She scowled. “Nobody’s got no plan.”

“Well, maybe by the time we get there, us… you got to figure walking
will take three, four weeks—”

She turned on me. “Nobody will make no plan! Who knows, them, how to
break into that prison and get that girl out? Donkeys? They put her
there! That Drew Arlen, her own man? He put her there, too! Her own
kind? They’d of done it by now, them, if they knew how! We can’t do
nothing, Billy. And meantime, we could use the time and brains, us, on
things we do need! Better weaving, and more of it! We still only got
that one weaving ‘bot the kids put together, and it’s
slow
,
it. And the clothes keep getting eaten. And boots! We still ain’t
settled, us, about getting boots, and winter will come eventually!”
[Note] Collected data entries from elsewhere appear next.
(* Let $\lambda_i \ge 0$, $\mu \ge 0$, $\alpha_i \in (0,1]$, $\sigma_i^2 > 0$, $t_i \in \mathbb{R}$, and let $h_i \neq 0$ be a fixed fading coefficient. Consider the maximization problem $$\sup_{p_i \ge 0} \left\{ -\frac{\lambda_i}{\alpha_i}\bigl(t_i - r_i(p_i,h_i)\bigr)_+ - \mu p_i \right\}, \qquad r_i(p_i,h_i) = \log\left(1 + \frac{p_i h_i^2}{\sigma_i^2}\right).$$ If $(\lambda_i,\mu) \neq (0,0)$, then an optimal solution of this problem is $$p_i^*(h_i) = \min\left\{ \left(\frac{\lambda_i}{\mu\alpha_i} - \frac{\sigma_i^2}{h_i^2}\right)_+,\ \frac{\sigma_i^2\left(e^{(t_i)_+}-1\right)}{h_i^2} \right\}.$$ If $(\lambda_i,\mu) = (0,0)$, then $p_i^* = 0$ is optimal.
   Context: $(x)_+ = \max\{x,0\}$. When $\mu = 0$ and $\lambda_i>0$, the quantity $\frac{\lambda_i}{\mu\alpha_i}$ is interpreted as $+\infty$, so that the minimum equals its second argument. The problem arises as the per-terminal power-allocation subproblem of the Lagrangian dual of a CV@R-constrained (risk-aware) power allocation problem, with $\lambda_i,\mu$ dual variables, $\alpha_i$ a CV@R confidence level, $\sigma_i^2$ the noise variance, and $t_i$ an auxiliary (value-at-risk) variable. *)

theory Defs
  imports Complex_Main
begin

definition pos_part :: "real \<Rightarrow> real" where
  "pos_part x = max x 0"

definition rate :: "real \<Rightarrow> real \<Rightarrow> real \<Rightarrow> real" where
  "rate sigma2 p h = ln (1 + p * h^2 / sigma2)"

definition cvar_obj :: "real \<Rightarrow> real \<Rightarrow> real \<Rightarrow> real \<Rightarrow> real \<Rightarrow> real \<Rightarrow> real \<Rightarrow> real" where
  "cvar_obj lam mu alpha sigma2 t h p =
     - (lam / alpha) * pos_part (t - rate sigma2 p h) - mu * p"

text \<open>Claimed optimizer; for mu = 0 the quotient lam/(mu*alpha) is +infinity,
  so the minimum equals its second argument.\<close>
definition pstar :: "real \<Rightarrow> real \<Rightarrow> real \<Rightarrow> real \<Rightarrow> real \<Rightarrow> real \<Rightarrow> real" where
  "pstar lam mu alpha sigma2 t h =
     (let b = sigma2 * (exp (pos_part t) - 1) / h^2 in
      if mu = 0 then b
      else min (pos_part (lam / (mu * alpha) - sigma2 / h^2)) b)"

end

theory Submission imports Defs begin

text \<open>With c = lam/alpha and g = h^2/sigma2 the objective is
  F(p) = -c (t - ln(1 + g p))_+ - mu p, which is concave in p, so by the tangent bound for ln
  it suffices to check first-order conditions at the candidate.  Beyond the cap
  b = (e^(t_+) - 1)/g, where the rate reaches t_+, F has slope -mu; below it, F has slope
  c g/(1 + g p) - mu, which vanishes at the water-filling level c/mu - 1/g.\<close>

definition power_obj :: "real \<Rightarrow> real \<Rightarrow> real \<Rightarrow> real \<Rightarrow> real \<Rightarrow> real" where
  "power_obj c mu g t p = - c * pos_part (t - ln (1 + g * p)) - mu * p"

definition rate_cap :: "real \<Rightarrow> real \<Rightarrow> real" where
  "rate_cap g t = (exp (pos_part t) - 1) / g"

definition water_level :: "real \<Rightarrow> real \<Rightarrow> real \<Rightarrow> real" where
  "water_level c mu g = pos_part (c / mu - 1 / g)"

definition power_opt :: "real \<Rightarrow> real \<Rightarrow> real \<Rightarrow> real \<Rightarrow> real" where
  "power_opt c mu g t =
     (if mu = 0 then rate_cap g t else min (water_level c mu g) (rate_cap g t))"

lemma ln_le_tangent:
  fixes x y :: real
  assumes "0 < x" and "0 < y"
  shows "ln x \<le> ln y + (x - y) / y"
proof -
  have "ln x - ln y = ln (x / y)"
    using assms by (simp add: ln_div)
  also have "\<dots> \<le> x / y - 1"
    using assms by (intro ln_le_minus_one) simp
  also have "\<dots> = (x - y) / y"
    using assms by (simp add: field_simps)
  finally show ?thesis by simp
qed

lemma power_obj_le_cost:
  assumes "c \<ge> 0"
  shows "power_obj c mu g t p \<le> - mu * p"
  using assms by (simp add: power_obj_def pos_part_def)

lemma power_obj_le_tangent:
  assumes "c \<ge> 0" and "g > 0" and "p \<ge> 0" and "q \<ge> 0"
  shows "power_obj c mu g t p
           \<le> c * (ln (1 + g * q) - t) + c * g * (p - q) / (1 + g * q) - mu * p"
proof -
  have pos: "1 + g * p > 0" "1 + g * q > 0"
    using assms by (simp_all add: add_pos_nonneg)
  have "ln (1 + g * p) \<le> ln (1 + g * q) + g * (p - q) / (1 + g * q)"
    using ln_le_tangent[OF pos] by (simp add: algebra_simps)
  then have "c * (ln (1 + g * p) - t) \<le> c * (ln (1 + g * q) - t) + c * g * (p - q) / (1 + g * q)"
    using mult_left_mono[OF _ \<open>c \<ge> 0\<close>] by (fastforce simp: algebra_simps)
  moreover have "- c * pos_part (t - ln (1 + g * p)) \<le> c * (ln (1 + g * p) - t)"
    using mult_left_mono[OF max.cobounded1 \<open>c \<ge> 0\<close>, of "t - ln (1 + g * p)" 0]
    by (simp add: pos_part_def algebra_simps)
  ultimately show ?thesis
    unfolding power_obj_def by linarith
qed

lemma power_obj_max_at_zero:
  assumes "c \<ge> 0" and "mu \<ge> 0" and "t \<le> 0" and "p \<ge> 0"
  shows "power_obj c mu g t p \<le> power_obj c mu g t 0"
proof -
  have "power_obj c mu g t 0 = 0"
    using \<open>t \<le> 0\<close> by (simp add: power_obj_def pos_part_def)
  then show ?thesis
    using power_obj_le_cost[OF \<open>c \<ge> 0\<close>, of mu g t p] mult_nonneg_nonneg[OF \<open>mu \<ge> 0\<close> \<open>p \<ge> 0\<close>]
    by linarith
qed

lemma power_obj_max_saturated:
  assumes "c \<ge> 0" and "mu \<ge> 0" and "g > 0" and "p \<ge> 0" and "q \<ge> 0"
    and rate: "ln (1 + g * q) = t" and marginal: "mu * (1 + g * q) \<le> c * g"
  shows "power_obj c mu g t p \<le> power_obj c mu g t q"
proof -
  have at_q: "power_obj c mu g t q = - mu * q"
    using rate by (simp add: power_obj_def pos_part_def)
  show ?thesis
  proof (cases "q \<le> p")
    case True
    then show ?thesis
      using at_q power_obj_le_cost[OF \<open>c \<ge> 0\<close>, of mu g t p] mult_left_mono[OF True \<open>mu \<ge> 0\<close>]
      by linarith
  next
    case False
    have "c * g * (p - q) \<le> mu * (1 + g * q) * (p - q)"
      using marginal False by (intro mult_right_mono_neg) simp_all
    then have "c * g * (p - q) / (1 + g * q) \<le> mu * (p - q)"
      using \<open>g > 0\<close> \<open>q \<ge> 0\<close> by (simp add: divide_le_eq add_pos_nonneg mult_ac)
    then show ?thesis
      using at_q rate power_obj_le_tangent[OF \<open>c \<ge> 0\<close> \<open>g > 0\<close> \<open>p \<ge> 0\<close> \<open>q \<ge> 0\<close>, of mu t]
      by (simp add: algebra_simps)
  qed
qed

lemma power_obj_max_stationary:
  assumes "c \<ge> 0" and "g > 0" and "p \<ge> 0" and "q \<ge> 0"
    and rate: "ln (1 + g * q) \<le> t"
    and marginal: "c * g \<le> mu * (1 + g * q)"
    and balanced: "q > 0 \<Longrightarrow> c * g = mu * (1 + g * q)"
  shows "power_obj c mu g t p \<le> power_obj c mu g t q"
proof -
  have at_q: "power_obj c mu g t q = c * (ln (1 + g * q) - t) - mu * q"
    using rate by (simp add: power_obj_def pos_part_def algebra_simps)
  have "c * g * (p - q) \<le> mu * (1 + g * q) * (p - q)"
  proof (cases "q = 0")
    case True
    then show ?thesis
      using marginal \<open>p \<ge> 0\<close> by (simp add: mult_right_mono)
  next
    case False
    then show ?thesis
      using balanced \<open>q \<ge> 0\<close> by simp
  qed
  then have "c * g * (p - q) / (1 + g * q) \<le> mu * (p - q)"
    using \<open>g > 0\<close> \<open>q \<ge> 0\<close> by (simp add: divide_le_eq add_pos_nonneg mult_ac)
  then show ?thesis
    using at_q power_obj_le_tangent[OF \<open>c \<ge> 0\<close> \<open>g > 0\<close> \<open>p \<ge> 0\<close> \<open>q \<ge> 0\<close>, of mu t]
    by (simp add: algebra_simps)
qed

lemma rate_cap_nonneg: "g > 0 \<Longrightarrow> rate_cap g t \<ge> 0"
  by (simp add: rate_cap_def pos_part_def)

lemma ln_rate_cap: "g > 0 \<Longrightarrow> ln (1 + g * rate_cap g t) = pos_part t"
  by (simp add: rate_cap_def)

lemma water_level_marginal_ge:
  assumes "mu > 0" and "g > 0" and "0 < p" and "p \<le> water_level c mu g"
  shows "mu * (1 + g * p) \<le> c * g"
proof -
  have "p \<le> c / mu - 1 / g"
    using assms(3,4) by (simp add: water_level_def pos_part_def max_def split: if_splits)
  then show ?thesis
    using assms(1,2) by (simp add: field_simps)
qed

lemma water_level_marginal_le:
  assumes "mu > 0" and "g > 0"
  shows "c * g \<le> mu * (1 + g * water_level c mu g)"
    and "water_level c mu g > 0 \<Longrightarrow> c * g = mu * (1 + g * water_level c mu g)"
proof -
  have "c / mu - 1 / g \<le> water_level c mu g"
    by (simp add: water_level_def pos_part_def)
  then show "c * g \<le> mu * (1 + g * water_level c mu g)"
    using assms by (simp add: field_simps)
  show "c * g = mu * (1 + g * water_level c mu g)" if "water_level c mu g > 0"
  proof -
    have "water_level c mu g = c / mu - 1 / g"
      using that by (simp add: water_level_def pos_part_def max_def split: if_splits)
    then show ?thesis
      using assms by (simp add: field_simps)
  qed
qed

lemma power_opt_nonneg: "g > 0 \<Longrightarrow> power_opt c mu g t \<ge> 0"
  by (simp add: power_opt_def rate_cap_nonneg water_level_def pos_part_def)

lemma power_obj_max_at_power_opt:
  assumes "c \<ge> 0" and "mu \<ge> 0" and "g > 0" and "p \<ge> 0"
  shows "power_obj c mu g t p \<le> power_obj c mu g t (power_opt c mu g t)"
proof (cases "t \<le> 0")
  case True
  then have "power_opt c mu g t = 0"
    by (simp add: power_opt_def rate_cap_def water_level_def pos_part_def)
  then show ?thesis
    using power_obj_max_at_zero assms True by simp
next
  case False
  define b where "b = rate_cap g t"
  have b_pos: "b > 0"
    using False \<open>g > 0\<close> by (simp add: b_def rate_cap_def pos_part_def)
  have rate_b: "ln (1 + g * b) = t"
    using ln_rate_cap[OF \<open>g > 0\<close>] False by (simp add: b_def pos_part_def)
  note saturated = power_obj_max_saturated[OF assms(1-4) less_imp_le[OF b_pos] rate_b]
  show ?thesis
  proof (cases "mu = 0")
    case True
    then show ?thesis
      using saturated \<open>c \<ge> 0\<close> \<open>g > 0\<close> by (simp add: power_opt_def b_def)
  next
    case mu_nonzero: False
    then have "mu > 0" using \<open>mu \<ge> 0\<close> by simp
    define w where "w = water_level c mu g"
    show ?thesis
    proof (cases "b \<le> w")
      case True
      then show ?thesis
        using saturated water_level_marginal_ge[OF \<open>mu > 0\<close> \<open>g > 0\<close> b_pos] mu_nonzero
        by (simp add: power_opt_def b_def w_def)
    next
      case False
      have w_nonneg: "w \<ge> 0"
        by (simp add: w_def water_level_def pos_part_def)
      have "ln (1 + g * w) \<le> ln (1 + g * b)"
        using False w_nonneg \<open>g > 0\<close> by (simp add: add_pos_nonneg)
      then have "ln (1 + g * w) \<le> t"
        using rate_b by simp
      then have "power_obj c mu g t p \<le> power_obj c mu g t w"
        using power_obj_max_stationary[OF \<open>c \<ge> 0\<close> \<open>g > 0\<close> \<open>p \<ge> 0\<close> w_nonneg]
          water_level_marginal_le[OF \<open>mu > 0\<close> \<open>g > 0\<close>] by (simp add: w_def)
      then show ?thesis
        using False mu_nonzero by (simp add: power_opt_def b_def w_def)
    qed
  qed
qed

lemma cvar_obj_eq_power_obj:
  "cvar_obj lam mu alpha sigma2 t h p = power_obj (lam / alpha) mu (h^2 / sigma2) t p"
  by (simp add: cvar_obj_def power_obj_def rate_def mult.commute)

lemma pstar_eq_power_opt:
  "pstar lam mu alpha sigma2 t h = power_opt (lam / alpha) mu (h^2 / sigma2) t"
  by (simp add: pstar_def power_opt_def rate_cap_def water_level_def Let_def mult.commute)

theorem theorem1:
  fixes lam mu alpha sigma2 t h :: real
  assumes "lam \<ge> 0" and "mu \<ge> 0" and "0 < alpha" and "alpha \<le> 1"
    and "sigma2 > 0" and "h \<noteq> 0"
  shows "((lam, mu) \<noteq> (0, 0) \<longrightarrow>
            (let ps = pstar lam mu alpha sigma2 t h in
               ps \<ge> 0 \<and> (\<forall>p\<ge>0. cvar_obj lam mu alpha sigma2 t h p \<le> cvar_obj lam mu alpha sigma2 t h ps)))
       \<and> ((lam, mu) = (0, 0) \<longrightarrow>
            (\<forall>p\<ge>0. cvar_obj lam mu alpha sigma2 t h p \<le> cvar_obj lam mu alpha sigma2 t h 0))"
proof -
  have c: "lam / alpha \<ge> 0" and g: "h^2 / sigma2 > 0"
    using assms by simp_all
  have "pstar lam mu alpha sigma2 t h \<ge> 0"
    using power_opt_nonneg[OF g] by (simp add: pstar_eq_power_opt)
  moreover have "cvar_obj lam mu alpha sigma2 t h p \<le> cvar_obj lam mu alpha sigma2 t h (pstar lam mu alpha sigma2 t h)"
    if "p \<ge> 0" for p
    using power_obj_max_at_power_opt[OF c \<open>mu \<ge> 0\<close> g that]
    by (simp add: cvar_obj_eq_power_obj pstar_eq_power_opt)
  moreover have "(lam, mu) = (0, 0) \<Longrightarrow> cvar_obj lam mu alpha sigma2 t h p = 0" for p
    by (simp add: cvar_obj_def)
  ultimately show ?thesis
    by (simp add: Let_def)
qed

end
I gave it up, me. You can’t argue with Annie. She’s too right, her.
Winter
would
come eventually and the weaving ‘bot is only one
’bot for the whole town, which might be all right for summer clothes
but winter is something different. And we
ain’t
settled the
boots, us. Annie’s still feeding the world, even when there ain’t no
cooking.

Sometimes it’s kind of scary, knowing there ain’t nobody to take
care of us but us. Sometimes it ain’t.

==========

Vicki met us, her, at the edge of town. Her dress was nearly as bad
as Lizzie’s. I could see pretty near one whole breast, and— old fool
that I am—damn if my pipe didn’t stir a little, it. But her face was
too thin, and she looked unhappy, her, like she done for months now.
She was the only one, her, in the whole town who looked so unhappy.

“It’s coming apart, Billy. This time, it really is.”

“What?” I said. I thought, me, she meant her dress. I really did.
Old fool.

“The country. The classes, For good this time. The gap between
donkeys and Livers was always held together with baling wire and
chewing gum, and now the last semblance is going.”

I motioned Annie on, me, with a wave of my hand. She marched off,
her, probably to find Lizzie. I sat down on a log and after a minute
Vicki sat down too. She can’t help, her, being upset about the country.
She’s a donkey. In East Oleanta that don’t matter, everybody left is
used to her, but we still get news channels in the cafe. A few, anyway.
Donkeys are having a hard time, them. It’s like when Livers found out
we don’t need donkeys anymore, we got mad, us, that we’d ever needed
them. Only that ain’t all of it. There’s been a lot of killing, and
most donkeys are holed up, them, in their city enclaves. Some ain’t
come out in damn near half a year.

I looked, me, for something to make Vicki feel better. “There ain’t
no police no more. To punish people who break the law, them, by
attacking other people. If we got security ‘bots back—”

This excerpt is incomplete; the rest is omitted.